在stackoverflow上找到同樣的問題:
根本原因如下:
This issue is caused because of different parquet conventions used in Hive and Spark. In Hive, the decimal datatype is represented as fixed bytes (INT 32). In Spark 1.4 or later the default convention is to use the Standard Parquet representation for decimal data type. As per the Standard Parquet representation based on the precision of the column datatype, the underlying representation changes.
eg: DECIMAL can be used to annotate the following types: int32: for 1 <= precision <= 9 int64: for 1 <= precision <= 18; precision < 10 will produce a warning
Hence this issue happens only with the usage of datatypes which have different representations in the different Parquet conventions. If the datatype is DECIMAL (10,3), both the conventions represent it as INT32, hence we won't face an issue. If you are not aware of the internal representation of the datatypes it is safe to use the same convention used for writing while reading. With Hive, you do not have the flexibility to choose the Parquet convention. But with Spark, you do.
Solution: The convention used by Spark to write Parquet data is configurable. This is determined by the property spark.sql.parquet.writeLegacyFormat The default value is false. If set to "true", Spark will use the same convention as Hive for writing the Parquet data. This will help to solve the issue.
所以嘗試調整參數 spark.sql.parquet.writeLegacyFormat = true,問題解決。
到spark2.3源代碼中查找該參數(spark.sql.parquet.writeLegacyFormat):
package org.apache.spark.sql.internal 中 關於sparksql的默認配置 SQLConf.scala中相關描述如下
val PARQUET_WRITE_LEGACY_FORMAT = buildConf("spark.sql.parquet.writeLegacyFormat") .doc("Whether to be compatible with the legacy Parquet format adopted by Spark 1.4 and prior " + "versions, when converting Parquet schema to Spark SQL schema and vice versa.") .booleanConf .createWithDefault(false)
可以看到默認值為false
在 package org.apache.spark.sql.execution.datasources.parquet 的關於ParquetWriteSupport.scala 的描述如下:
/** * A Parquet [[WriteSupport]] implementation that writes Catalyst [[InternalRow]]s as Parquet * messages.

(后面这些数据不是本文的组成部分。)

(* Let $\mathcal{S}=\{s_1,\dots,s_N\}$ be a finite state space, $\mathcal{A}$ a finite action space and $\gamma\in(0,1)$. Consider the real MDP $\langle\mathcal{S},\mathcal{A},\mathbb{P},R,\gamma\rangle$ and the DT MDP $\langle\mathcal{S},\mathcal{A},\mathbb{P}',R',\gamma\rangle$. Then for every deterministic policy $\pi:\mathcal{S}\to\mathcal{A}$, $$\|V_{\mathrm{real}}^*-V_{\mathrm{real}}^{\pi}\|\le \frac{2}{1-\gamma}\max_i \bar d(s_i,s_i)+\frac{1+\gamma}{1-\gamma}\|V_{\mathrm{DT}}^*-V_{\mathrm{DT}}^{\pi}\|\le \frac{2}{(1-\gamma)^2}\max_i d_{\mathrm{TV}}(s_i,s_i)+\frac{1+\gamma}{1-\gamma}\|V_{\mathrm{DT}}^*-V_{\mathrm{DT}}^{\pi}\|.$$
   Context: $\mathbb{P}(\cdot|s,a)$ and $\mathbb{P}'(\cdot|s,a)$ are probability distributions on $\mathcal{S}$ for each $(s,a)$; $R,R':\mathcal{S}\times\mathcal{A}\to\mathbb{R}$ are reward functions. For a deterministic policy $\pi$, $V^\pi_{\mathrm{real}}$ is the unique solution of $V(s)=R(s,\pi(s))+\gamma\sum_{\tilde s}\mathbb{P}(\tilde s|s,\pi(s))V(\tilde s)$ for all $s$, and $V^*_{\mathrm{real}}$ the unique solution of $V(s)=\max_a\{R(s,a)+\gamma\sum_{\tilde s}\mathbb{P}(\tilde s|s,a)V(\tilde s)\}$; $V^\pi_{\mathrm{DT}},V^*_{\mathrm{DT}}$ are defined in the same way with $\mathbb{P}',R'$. Define $\|V^*_{\mathrm{real}}-V^\pi_{\mathrm{real}}\|=\max_i\{V^*_{\mathrm{real}}(s_i)-V^\pi_{\mathrm{real}}(s_i)\}$ and similarly $\|V^*_{\mathrm{DT}}-V^\pi_{\mathrm{DT}}\|$. Let $R_{\max}=\max_{i,j,a}|R(s_i,a)-R'(s_j,a)|$. For probability distributions $P,Q$ on $\mathcal{S}$ and a cost $d:\mathcal{S}\times\mathcal{S}\to[0,\infty)$ (not required to vanish on the diagonal; the first argument is regarded as a state of the real MDP and the second as a state of the DT MDP), $W_1(P,Q;d)=\min_{\Lambda}\sum_{i,j}\lambda_{i,j}d(s_i,s_j)$, the minimum over nonnegative $N\times N$ matrices $\Lambda=(\lambda_{i,j})$ with $\sum_j\lambda_{i,j}=P(s_i)$ and $\sum_i\lambda_{i,j}=Q(s_j)$. Define $d_0\equiv0$ and $d_n(s_i,s_j)=\max_a\{|R(s_i,a)-R'(s_j,a)|+\gamma W_1(\mathbb{P}(\cdot|s_i,a),\mathbb{P}'(\cdot|s_j,a);d_{n-1})\}$; the DT bisimulation metric $\bar d$ is the pointwise limit (equivalently supremum) of the nondecreasing sequence $d_n$, and it satisfies $\bar d(s_i,s_j)=\max_a\{|R(s_i,a)-R'(s_j,a)|+\gamma W_1(\mathbb{P}(\cdot|s_i,a),\mathbb{P}'(\cdot|s_j,a);\bar d)\}$. With $\mathrm{TV}(P,Q)=\frac12\sum_i|P(s_i)-Q(s_i)|$, define $d_{\mathrm{TV}}(s_i,s_i)=\max_a\{|R(s_i,a)-R'(s_i,a)|+\frac{\gamma R_{\max}}{1-\gamma}\mathrm{TV}(\mathbb{P}(\cdot|s_i,a),\mathbb{P}'(\cdot|s_i,a))\}$. *)

theory Defs
  imports Complex_Main
begin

This class can write Parquet data in two modes: * * - Standard mode: Parquet data are written in standard format defined in parquet-format spec. * - Legacy mode: Parquet data are written in legacy format compatible with Spark 1.4 and prior. * * This behavior can be controlled by SQL option `spark.sql.parquet.writeLegacyFormat`. The value * of this option is propagated to this class by the `init()` method and its Hadoop configuration * argument. */